[AVAILABLE RECORDS]
========================================================================

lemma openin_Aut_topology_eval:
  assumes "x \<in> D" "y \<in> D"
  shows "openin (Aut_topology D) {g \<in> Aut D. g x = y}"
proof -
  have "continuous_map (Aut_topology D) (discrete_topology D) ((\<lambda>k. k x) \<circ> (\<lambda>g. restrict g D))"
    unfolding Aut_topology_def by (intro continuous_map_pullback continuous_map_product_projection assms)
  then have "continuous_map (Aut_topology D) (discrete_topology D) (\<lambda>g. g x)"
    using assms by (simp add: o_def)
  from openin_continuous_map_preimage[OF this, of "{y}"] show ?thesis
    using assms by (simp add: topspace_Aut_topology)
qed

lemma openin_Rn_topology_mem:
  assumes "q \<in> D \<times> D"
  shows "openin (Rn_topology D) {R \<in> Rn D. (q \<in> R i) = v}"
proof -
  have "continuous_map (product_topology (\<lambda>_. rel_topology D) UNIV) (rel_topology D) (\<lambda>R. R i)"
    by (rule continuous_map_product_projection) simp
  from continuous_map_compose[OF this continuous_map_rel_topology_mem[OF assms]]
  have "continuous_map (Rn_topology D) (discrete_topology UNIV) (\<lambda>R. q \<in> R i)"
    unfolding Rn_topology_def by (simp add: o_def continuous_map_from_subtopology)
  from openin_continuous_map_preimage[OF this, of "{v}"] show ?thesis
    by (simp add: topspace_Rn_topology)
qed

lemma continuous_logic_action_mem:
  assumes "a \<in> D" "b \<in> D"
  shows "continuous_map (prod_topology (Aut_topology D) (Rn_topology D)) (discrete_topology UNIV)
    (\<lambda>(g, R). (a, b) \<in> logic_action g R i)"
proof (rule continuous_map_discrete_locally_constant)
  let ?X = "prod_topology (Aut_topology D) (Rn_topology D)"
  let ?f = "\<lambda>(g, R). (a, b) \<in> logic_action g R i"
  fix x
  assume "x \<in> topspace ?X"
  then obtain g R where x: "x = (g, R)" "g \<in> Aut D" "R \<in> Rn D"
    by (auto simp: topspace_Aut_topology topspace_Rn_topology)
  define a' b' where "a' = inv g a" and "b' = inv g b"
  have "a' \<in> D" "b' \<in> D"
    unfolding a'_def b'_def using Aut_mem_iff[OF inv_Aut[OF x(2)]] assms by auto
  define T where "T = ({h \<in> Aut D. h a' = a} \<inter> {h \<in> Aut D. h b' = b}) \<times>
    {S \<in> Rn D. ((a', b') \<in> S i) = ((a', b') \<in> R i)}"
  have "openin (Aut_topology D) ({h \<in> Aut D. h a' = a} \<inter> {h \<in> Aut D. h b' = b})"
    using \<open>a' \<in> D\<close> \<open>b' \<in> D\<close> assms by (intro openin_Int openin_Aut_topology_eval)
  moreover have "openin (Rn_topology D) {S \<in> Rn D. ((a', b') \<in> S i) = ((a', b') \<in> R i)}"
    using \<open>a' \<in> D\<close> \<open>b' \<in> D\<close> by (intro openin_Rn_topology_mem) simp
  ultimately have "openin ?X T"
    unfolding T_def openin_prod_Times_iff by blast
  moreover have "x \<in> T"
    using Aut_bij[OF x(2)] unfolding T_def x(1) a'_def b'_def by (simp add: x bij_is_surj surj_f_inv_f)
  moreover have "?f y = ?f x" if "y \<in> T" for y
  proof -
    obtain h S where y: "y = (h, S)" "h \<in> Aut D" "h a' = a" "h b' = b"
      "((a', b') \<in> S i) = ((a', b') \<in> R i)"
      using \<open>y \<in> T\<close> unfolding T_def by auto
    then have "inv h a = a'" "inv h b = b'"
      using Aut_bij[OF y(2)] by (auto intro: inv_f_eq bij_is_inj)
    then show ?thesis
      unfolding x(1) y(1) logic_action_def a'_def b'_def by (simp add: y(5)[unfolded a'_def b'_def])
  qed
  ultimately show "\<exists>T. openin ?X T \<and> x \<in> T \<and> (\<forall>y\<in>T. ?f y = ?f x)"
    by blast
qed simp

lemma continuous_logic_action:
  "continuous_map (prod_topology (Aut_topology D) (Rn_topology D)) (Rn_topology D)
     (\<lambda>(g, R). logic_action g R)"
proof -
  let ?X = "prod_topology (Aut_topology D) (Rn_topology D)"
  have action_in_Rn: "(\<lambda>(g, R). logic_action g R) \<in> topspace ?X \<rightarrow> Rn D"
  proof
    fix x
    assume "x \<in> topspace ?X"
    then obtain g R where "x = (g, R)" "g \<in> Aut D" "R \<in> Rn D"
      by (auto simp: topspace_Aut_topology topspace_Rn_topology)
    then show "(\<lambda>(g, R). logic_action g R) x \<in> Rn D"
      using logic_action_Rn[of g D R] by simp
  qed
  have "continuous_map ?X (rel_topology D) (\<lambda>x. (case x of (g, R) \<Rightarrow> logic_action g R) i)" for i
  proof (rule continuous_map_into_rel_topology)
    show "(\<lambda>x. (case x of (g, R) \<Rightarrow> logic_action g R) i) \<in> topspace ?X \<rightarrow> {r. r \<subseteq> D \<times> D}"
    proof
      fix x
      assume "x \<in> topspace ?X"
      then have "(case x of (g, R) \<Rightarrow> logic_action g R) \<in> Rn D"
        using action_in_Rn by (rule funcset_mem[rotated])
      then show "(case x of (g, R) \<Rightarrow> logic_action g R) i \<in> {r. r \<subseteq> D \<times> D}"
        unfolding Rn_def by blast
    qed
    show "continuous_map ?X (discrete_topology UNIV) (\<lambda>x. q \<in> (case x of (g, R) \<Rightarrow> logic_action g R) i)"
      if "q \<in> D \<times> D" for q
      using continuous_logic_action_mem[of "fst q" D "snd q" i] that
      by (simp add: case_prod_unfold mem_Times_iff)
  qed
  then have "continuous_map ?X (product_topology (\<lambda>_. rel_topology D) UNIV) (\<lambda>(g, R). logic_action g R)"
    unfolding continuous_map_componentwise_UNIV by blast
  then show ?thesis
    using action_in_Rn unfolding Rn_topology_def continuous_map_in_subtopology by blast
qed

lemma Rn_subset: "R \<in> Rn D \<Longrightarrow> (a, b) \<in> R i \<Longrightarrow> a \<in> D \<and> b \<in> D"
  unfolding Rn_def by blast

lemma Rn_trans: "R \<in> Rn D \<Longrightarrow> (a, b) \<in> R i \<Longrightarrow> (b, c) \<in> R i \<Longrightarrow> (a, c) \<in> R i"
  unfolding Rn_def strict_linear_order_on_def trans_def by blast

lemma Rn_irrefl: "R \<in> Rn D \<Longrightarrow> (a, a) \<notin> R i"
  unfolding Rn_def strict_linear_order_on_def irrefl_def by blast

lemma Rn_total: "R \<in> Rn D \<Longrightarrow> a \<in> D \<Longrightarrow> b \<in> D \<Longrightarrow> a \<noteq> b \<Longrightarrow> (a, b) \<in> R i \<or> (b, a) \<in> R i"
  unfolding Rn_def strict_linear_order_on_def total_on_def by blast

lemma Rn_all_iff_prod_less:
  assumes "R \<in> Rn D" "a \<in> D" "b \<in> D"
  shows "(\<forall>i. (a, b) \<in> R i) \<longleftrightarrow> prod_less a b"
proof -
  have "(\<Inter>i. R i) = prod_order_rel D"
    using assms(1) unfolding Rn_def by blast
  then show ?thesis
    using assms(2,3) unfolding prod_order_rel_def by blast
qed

========================================================================

[EXERCISE AIM]
Using the records above, restate word for word the lines from the one with "proof (rule continuous_map_into_rel_topology)" through the one with "(discrete_topology UNIV) (\<lambda>x.", both included.

[SOLUTION TO THIS PROBLEM]
  proof (rule continuous_map_into_rel_topology)
    show "(\<lambda>x. (case x of (g, R) \<Rightarrow> logic_action g R) i) \<in> topspace ?X \<rightarrow> {r. r \<subseteq> D \<times> D}"
    proof
      fix x
      assume "x \<in> topspace ?X"
      then have "(case x of (g, R) \<Rightarrow> logic_action g R) \<in> Rn D"
        using action_in_Rn by (rule funcset_mem[rotated])
      then show "(case x of (g, R) \<Rightarrow> logic_action g R) i \<in> {r. r \<subseteq> D \<times> D}"
        unfolding Rn_def by blast
    qed
    show "continuous_map ?X (discrete_topology UNIV) (\<lambda>x. q \<in> (case x of (g, R) \<Rightarrow> logic_action g R) i)"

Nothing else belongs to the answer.